Introducing ChatGPT, the conversational and image-savvy AI! Taking "super assistant" to the next level.

ChatGPT will speak up and has 5 different voices, directly competing with C-end personal assistants like Siri, and can also answer or give suggestions based on pictures.

OpenAI announced on its official website on Monday that it will launch voice and image capabilities for ChatGPT in the next two weeks, targeting Plus and enterprise users. These new features will allow users to engage in voice conversations or show images to ChatGPT.

In terms of voice capabilities, ChatGPT can now answer questions and follow commands using voice, directly competing with consumer personal assistants like Apple's Siri. Additionally, ChatGPT will offer five different voices for users to choose from, and it will support functions such as generating text from voice audio and translating podcast voices into other languages.

As for image capabilities, users can submit images and ask related questions, and ChatGPT will provide answers or suggestions based on the images. It is reported that the voice capabilities will be launched on iOS and Android platforms, while the image capabilities will be available on all platforms.

OpenAI has upgraded the interaction between users and ChatGPT, allowing users to prompt the chatbot not only by typing in the text box but also by speaking out loud. This functionality is not unfamiliar, similar to conversing with Google Assistant, but OpenAI aims to provide better answers due to improvements in underlying technology. Currently, most virtual assistants rely on large models for reconstruction, and OpenAI is simply leading the way.

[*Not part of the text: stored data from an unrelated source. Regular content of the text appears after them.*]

lemma tail_alternating_eta_value:
  assumes z: "distinct z" "length z = n - 1" and n: "2 \<le> n"
  shows "tail_alternating n \<kappa> (eta_value n z j)"
  unfolding tail_alternating_def
proof (intro conjI allI impI)
  fix \<pi> x assume \<pi>: "\<pi> permutes {1..n}" "\<pi> 1 = 1" and "profile n \<kappa> x"
  show "eta_value n z j (x \<circ> \<pi>) = of_int (sign \<pi>) * eta_value n z j x"
  proof (cases "\<exists>\<sigma>. \<sigma> permutes {1..n-1} \<and> tail_matches z x \<sigma> n")
    case True
    then obtain \<sigma> where \<sigma>: "\<sigma> permutes {1..n-1}" "tail_matches z x \<sigma> n"
      by blast
    have "\<sigma> \<circ> shift_perm_down n \<pi> permutes {1..n-1}"
      using permutes_compose[OF shift_perm_down(1)[OF \<pi>] \<sigma>(1)] .
    moreover have "sign (\<sigma> \<circ> shift_perm_down n \<pi>) = sign \<sigma> * sign \<pi>"
      using sign_compose[OF permutes_imp_permutation permutes_imp_permutation, OF _ \<sigma>(1) _
          shift_perm_down(1)[OF \<pi>]] shift_perm_down(2)[OF \<pi>] by simp
    ultimately show ?thesis
      using eta_value_matching[OF z _ tail_matches_comp[OF \<pi> \<sigma>(2)]] eta_value_matching[OF z \<sigma>] \<pi>(2)
      by simp
  next
    case False
    then have "eta_value n z j x = 0"
      using eta_value_nonzero(2) by blast
    moreover have "\<not> (\<exists>\<sigma>. \<sigma> permutes {1..n-1} \<and> tail_matches z (x \<circ> \<pi>) \<sigma> n)"
      using False unfolding ex_tail_matches_comp_iff[OF \<pi>] .
    then have "eta_value n z j (x \<circ> \<pi>) = 0"
      using eta_value_nonzero(2) by blast
    ultimately show ?thesis
      by simp
  qed
qed (use n in \<open>auto intro: eta_value_cong\<close>)

definition row_profile :: "nat \<Rightarrow> nat \<Rightarrow> nat \<Rightarrow> nat \<Rightarrow> nat" where
  "row_profile n \<kappa> r = (\<lambda>t. if t = 1 then r mod \<kappa> + 1 else (inc_tuples n \<kappa> ! (r div \<kappa>)) ! (t - 2))"

definition B_row_value :: "nat \<Rightarrow> nat \<Rightarrow> nat \<Rightarrow> (nat \<Rightarrow> nat) \<Rightarrow> real" where
  "B_row_value n \<kappa> r = eta_value n (inc_tuples n \<kappa> ! (r div \<kappa>)) (r mod \<kappa> + 1)"

lemma profile_row_profile:
  assumes "r < \<kappa> * length (inc_tuples n \<kappa>)"
  shows "profile n \<kappa> (row_profile n \<kappa> r)"
  unfolding profile_def
proof
  fix t assume t: "t \<in> {1..n}"
  define z where "z = inc_tuples n \<kappa> ! (r div \<kappa>)"
  have z: "length z = n - 1" "set z \<subseteq> {1..\<kappa>}"
    using inc_tuples_nth[OF div_less_length_inc_tuples[OF assms]] by (simp_all add: z_def)
  show "row_profile n \<kappa> r t \<in> {1..\<kappa>}"
  proof (cases "t = 1")
    case True
    have "0 < \<kappa>"
      using assms by (cases \<kappa>) auto
    then show ?thesis
      using True by (simp add: row_profile_def Suc_le_eq)
  next
    case False
    then have "z ! (t - 2) \<in> set z"
      using t z(1) by auto
    then show ?thesis
      using False z(2) by (auto simp: row_profile_def z_def)
  qed
qed

lemma B_row_value_row_profile:
  assumes "r < \<kappa> * length (inc_tuples n \<kappa>)"
  shows "B_row_value n \<kappa> r (row_profile n \<kappa> r) = 1"
proof -
  define z where "z = inc_tuples n \<kappa> ! (r div \<kappa>)"
  have z: "length z = n - 1" "distinct z"
    using inc_tuples_nth[OF div_less_length_inc_tuples[OF assms]] by (simp_all add: z_def)
  have m: "tail_matches z (row_profile n \<kappa> r) id n"
    unfolding tail_matches_def row_profile_def z_def by auto
  show ?thesis
    unfolding B_row_value_def z_def[symmetric] eta_value_matching[OF z(2,1) permutes_id m]
    by (simp add: row_profile_def)
qed

lemma B_row_value_nonzero_unique:
  assumes r: "r < \<kappa> * length (inc_tuples n \<kappa>)" and r': "r' < \<kappa> * length (inc_tuples n \<kappa>)"
    and "B_row_value n \<kappa> r x \<noteq> 0" "B_row_value n \<kappa> r' x \<noteq> 0"
  shows "r = r'"
proof -
  define z z' where "z = inc_tuples n \<kappa> ! (r div \<kappa>)" and "z' = inc_tuples n \<kappa> ! (r' div \<kappa>)"
  have i: "r div \<kappa> < length (inc_tuples n \<kappa>)" "r' div \<kappa> < length (inc_tuples n \<kappa>)"
    using r r' by (simp_all add: div_less_length_inc_tuples)
  have "x 1 = r mod \<kappa> + 1" "x 1 = r' mod \<kappa> + 1"
    using eta_value_nonzero(1) assms(3,4) unfolding B_row_value_def by blast+
  moreover obtain \<sigma> \<sigma>' where "\<sigma> permutes {1..n-1}" "tail_matches z x \<sigma> n"
    and "\<sigma>' permutes {1..n-1}" "tail_matches z' x \<sigma>' n"
    using eta_value_nonzero(2) assms(3,4) unfolding B_row_value_def z_def z'_def by blast
  then have "set z = set z'"
    using tail_matches_set[of z n] tail_matches_set[of z' n]
      inc_tuples_nth(1)[OF i(1)] inc_tuples_nth(1)[OF i(2)] unfolding z_def z'_def by simp
  then have "z = z'"
    using strict_sorted_equal[OF inc_tuples_nth(4)[OF i(1)] inc_tuples_nth(4)[OF i(2)]]
    unfolding z_def z'_def by simp
  then have "r div \<kappa> = r' div \<kappa>"
    using nth_eq_iff_index_eq[OF distinct_inc_tuples i] unfolding z_def z'_def by simp
  ultimately show "r = r'"
    by (metis add_right_cancel div_mult_mod_eq)
qed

OpenAI released the ChatGPT application in May this year, which already includes the feature of converting speech to text. Adding voice responses allows users to feel engaged in more human-like conversations. The company hopes that this new feature will encourage users to use its mobile application anytime and anywhere, directly competing with personal assistant products such as Google Assistant, Apple's Siri, or Amazon's Alexa.

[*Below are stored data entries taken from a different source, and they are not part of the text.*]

lemma translation_eq_one_point:
  assumes s: "is_translation \<sigma>" and r: "is_translation \<rho>" and e: "\<sigma> P = \<rho> P"
  shows "\<sigma> = \<rho>"
proof (cases "\<sigma> P = P")
  case True
  have "\<sigma> = id" using s True unfolding is_translation_def by auto
  moreover have "\<rho> = id" using r True e unfolding is_translation_def by auto
  ultimately show ?thesis by simp
next
  case False
  have ds: "is_dilatation \<sigma>" "is_dilatation \<rho>" using s r unfolding is_translation_def by auto
  note l = line_props[OF False[symmetric]]
  obtain R where R: "R \<notin> line P (\<sigma> P)" using point_off_line[OF l(1)] by blast
  have PR: "P \<noteq> R" using R l(2) by blast
  have "\<rho> P \<noteq> P" "R \<notin> line P (\<rho> P)" using False R e by simp_all
  then have "\<sigma> R = \<rho> R"
    using translation_image_eq_fourth_vertex[OF s False R] translation_image_eq_fourth_vertex[OF r, of P R] e
    by simp
  then show ?thesis using dilatation_eq_two_points[OF ds PR e] by simp
qed

lemma translation_inverse:
  assumes large: "\<not> two_line_cover" shows "translation Q P \<circ> translation P Q = id"
proof (cases "P = Q")
  case True then show ?thesis using translation_refl by simp
next
  case False
  have d: "is_dilatation (translation Q P \<circ> translation P Q)"
    using dilatation_comp translation_dilatation[OF large False] translation_dilatation[OF large False[symmetric]]
    by blast
  obtain X where X: "X \<notin> line P Q" using point_off_line[OF line_props(1)[OF False]] by blast
  have PX: "P \<noteq> X" using X line_props(2)[OF False] by auto
  have X': "fourth_vertex P Q X \<notin> line Q P" using fourth_vertex_props(3)[OF False X] line_sym by metis
  have "(translation Q P \<circ> translation P Q) X = id X"
    using translation_off_line[OF False X] translation_off_line[OF False[symmetric] X']
      fourth_vertex_swap(2)[OF False X] by simp
  then show ?thesis
    using dilatation_eq_two_points[OF d dilatation_id PX] translation_app[of P Q] translation_app[of Q P] by simp
qed

lemma is_translation_comp:
  assumes large: "\<not> two_line_cover" and s: "is_translation \<sigma>" and r: "is_translation \<rho>"
  shows "is_translation (\<sigma> \<circ> \<rho>)"
proof (cases "\<exists>Y. \<sigma> (\<rho> Y) = Y")
  case False
  then show ?thesis using s r dilatation_comp unfolding is_translation_def by auto
next
  case True
  then obtain Y where Y: "\<sigma> (\<rho> Y) = Y" by auto
  define Q where "Q = \<rho> Y"
  have "\<sigma> = translation Q Y"
    using translation_eq_one_point[OF s is_translation_translation[OF large], of Q] Y Q_def
    by (simp add: translation_app)
  moreover have "\<rho> = translation Y Q"
    using translation_eq_one_point[OF r is_translation_translation[OF large], of Y] Q_def
    by (simp add: translation_app)
  ultimately have "\<sigma> \<circ> \<rho> = id" using translation_inverse[OF large, of Q Y] by simp
  then show ?thesis using dilatation_id unfolding is_translation_def by auto
qed

end

section \<open>Central dilatations\<close>

context desarguesian
begin

text \<open>For \<open>R\<close> off the line \<open>Z U\<close>: the image of \<open>R\<close> under the dilatation with centre \<open>Z\<close>
  taking \<open>U\<close> to \<open>A\<close>.\<close>

definition dil_image :: "'p \<Rightarrow> 'p \<Rightarrow> 'p \<Rightarrow> 'p \<Rightarrow> 'p" where
  "dil_image Z U A R = meet (line Z R) (parl A (line U R))"

lemma dil_image_props:
  assumes ZU: "Z \<noteq> U" and A: "A \<in> line Z U" "A \<noteq> Z" and R: "R \<notin> line Z U"
  shows "dil_image Z U A R \<in> line Z R" "dil_image Z U A R \<in> parl A (line U R)"
    "dil_image Z U A R \<noteq> Z" "dil_image Z U A R \<notin> line Z U" "A \<noteq> U \<Longrightarrow> dil_image Z U A R \<noteq> R"
proof -
  let ?l = "line Z U" and ?T = "dil_image Z U A R"
  note lZ = line_props[OF ZU]
  have RZ: "R \<noteq> Z" "R \<noteq> U" using R lZ by auto
  note lZR = line_props[OF RZ(1)[symmetric]] and lUR = line_props[OF RZ(2)[symmetric]]
  note p1 = parl_props[OF lUR(1), of A]
  have "U \<notin> line R Z" using line_eq[OF _ _ _ ZU] line_props[OF RZ(1)] R by metis
  then have "\<not> line Z R \<parallel> line U R" using lines_through_nonpar[OF RZ(1)] line_sym by metis
  then have np: "\<not> line Z R \<parallel> parl A (line U R)"
    using nonpar_cong[OF _ par_refl[OF lZR(1)] par_sym[OF p1(3)]] by blast
  show T1: "?T \<in> line Z R" "?T \<in> parl A (line U R)"
    unfolding dil_image_def using meet_props[OF lZR(1) p1(1) np] by auto
  show T3: "?T \<noteq> Z"
  proof
    assume "?T = Z"
    then have "parl A (line U R) = line Z A" using line_eq[OF p1(1) _ p1(2)] T1(2) A(2) by auto
    also have "\<dots> = ?l" using line_eq[OF lZ(1) lZ(2) A(1) A(2)[symmetric]] .
    finally have "?l = line U R" using p1(3) par_common_point lZ(3) lUR(2) by metis
    then show False using R lUR(3) by simp
  qed
  show "?T \<notin> ?l"
  proof
    assume "?T \<in> ?l"
    then have "line Z R = ?l" using line_unique[OF lZR(1) lZ(1) lZR(2) lZ(2) T1(1)] T3 by auto
    then show False using R lZR(3) by simp
  qed
  assume AU: "A \<noteq> U"
  show "?T \<noteq> R"
  proof
    assume "?T = R"
    then have "A \<in> line U R" using par_common_point[OF p1(3)] T1(2) lUR(3) p1(2) by auto
    then have "line U R = ?l" using line_unique[OF lUR(1) lZ(1) lUR(2) lZ(3) _ A(1) AU[symmetric]] by auto
    then show False using R lUR(3) by simp
  qed
qed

OpenAI is also launching a new text-to-speech model, claiming that it can "generate human-like audio from text and a few seconds of speech sample." Users can choose from five options for ChatGPT's voice, but OpenAI seems to believe that the potential of this model goes far beyond that. For example, OpenAI is collaborating with Spotify to translate podcasts into other languages while preserving the voice of the podcast. Synthetic speech has many interesting applications, and OpenAI may become an important part of this industry.

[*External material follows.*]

(* Let $P$ be a propositional normal logic program with countably many rules, and let $Z$ be its set of propositional atoms. Then, for every countable ordinal $\alpha<\Omega$, the immediate consequence operator $T_P:V^Z\to V^Z$ is $\alpha$-continuous with respect to the relations $\sqsubseteq_\alpha$ on $V^Z$.
   Context: Truth values. Let $\Omega$ be the first uncountable ordinal. $V$ consists of values $F_\alpha,T_\alpha$ ($\alpha<\Omega$) and $0$, totally ordered by $$F_0<F_1<\dots<F_\alpha<\dots<0<\dots<T_\alpha<\dots<T_1<T_0.$$ This is a complete lattice with supremum $\bigvee$. Order of a value: $order(F_\alpha)=order(T_\alpha)=\alpha$ and $order(0)=+\infty$. Relations on $V$, for $\alpha<\Omega$: $x\sqsubseteq_\alpha y$ iff either $x=y$, or both $order(x)\ge\alpha$ and $order(y)\ge\alpha$ and at least one of the following holds: both orders are $>\alpha$; $x=F_\alpha$; $y=T_\alpha$. Write $=_\alpha$ for the induced equivalence. The operation $\bigsqcup_\alpha$ on $V$, for $X\subseteq(x]_\alpha$ where $(x]_\alpha=\{y:\forall\beta<\alpha,\ x=_\beta y\}$: - if $order(x)<\alpha$, then $\bigsqcup_\alpha X=x$; - otherwise $\bigsqcup_\alpha X$ is $T_\alpha$ if $T_\alpha\in X$, is $F_\alpha$ if $X\subseteq\{F_\alpha\}$, and is $F_{\alpha+1}$ otherwise. Interpretations. $V^Z$ is the set of interpretations. On $V^Z$: $I\le J$ iff $I(z)\le J(z)$ for all $z$; $I\sqsubseteq_\alpha J$ iff $I(z)\sqsubseteq_\alpha J(z)$ for all $z\in Z$; $\bigsqcup_\alpha$ and $\bigvee$ are computed pointwise. Programs. A rule has the form $p\leftarrow l_1,\dots,l_n$, where $p\in Z$ and each $l_i$ is either an atom $q$ or a negated atom $\sim q$ with $q\in Z$; alternatively the body is the constant true or false. An interpretation $I$ extends to bodies as follows: - $I(\sim q)=\sim(I(q))$, where $\sim F_\beta=T_{\beta+1}$, $\sim T_\beta=F_{\beta+1}$ and $\sim0=0$; - $I(l_1,\dots,l_n)=\min\{I(l_1),\dots,I(l_n)\}$; - $I(\mathrm{true})=T_0$ and $I(\mathrm{false})=F_0$. $T_P(I)(p)=\bigvee\{I(l_1,\dots,l_n):(p\leftarrow l_1,\dots,l_n)\in P\}$. $\alpha$-continuity. A function $f:V^Z\to V^Z$ is $\alpha$-monotonic if $I\sqsubseteq_\alpha J$ implies $f(I)\sqsubseteq_\alpha f(J)$. It is $\alpha$-continuous if it is $\alpha$-monotonic and, for every sequence $(I_n)_{n\ge0}$ with $I_n\sqsubseteq_\alpha I_{n+1}$, we have $f(\bigsqcup_\alpha\{I_n:n\ge0\})=_\alpha\bigsqcup_\alpha\{f(I_n):n\ge0\}$. *)

theory Defs
  imports "HOL-Library.Countable_Set"
begin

The company also stated that paid and enterprise users will have access to image capabilities. Image search is somewhat similar to Google Lens, where users can simply take a picture of something they are interested in, and ChatGPT will identify the subject and provide a corresponding response.

For example, users can upload a picture of pink sunglasses and ask the chatbot to recommend matching outfits, or submit a picture of a math problem and request assistance in solving it. Analysis suggests that since the launch of ChatGPT in early 2022, OpenAI has been working hard to add more features and capabilities to its chatbot while avoiding the emergence of new problems. With this update, the company is attempting to find a balance by consciously limiting what its new model can do.

However, this approach is not a long-term solution. As more people use voice control and image search, and as ChatGPT gradually becomes a truly multimodal and practical virtual assistant, maintaining safe and reasonable boundaries will become increasingly difficult.

ChatGPT aims to become a "super assistant"

This upgrade undoubtedly brings ChatGPT one step closer to becoming a "super intelligent personal work assistant" and intensifies competition with downstream software.

As previously mentioned, OpenAI CEO Sam Altman privately told developers that the company hopes to transform ChatGPT into a "super intelligent personal work assistant" capable of performing various tasks based on personal and work needs, such as drafting emails or documents in the user's style and providing up-to-date information on relevant business matters.

Analysis suggests that both Microsoft and OpenAI can provide technical services to B2B customers who need to build AI capabilities, creating a direct business conflict between the two. In the long run, if OpenAI accelerates its efforts to develop software for individuals and businesses, ChatGPT may reshape the consumer application ecosystem, and a "breakup" between the two may be inevitable sooner or later.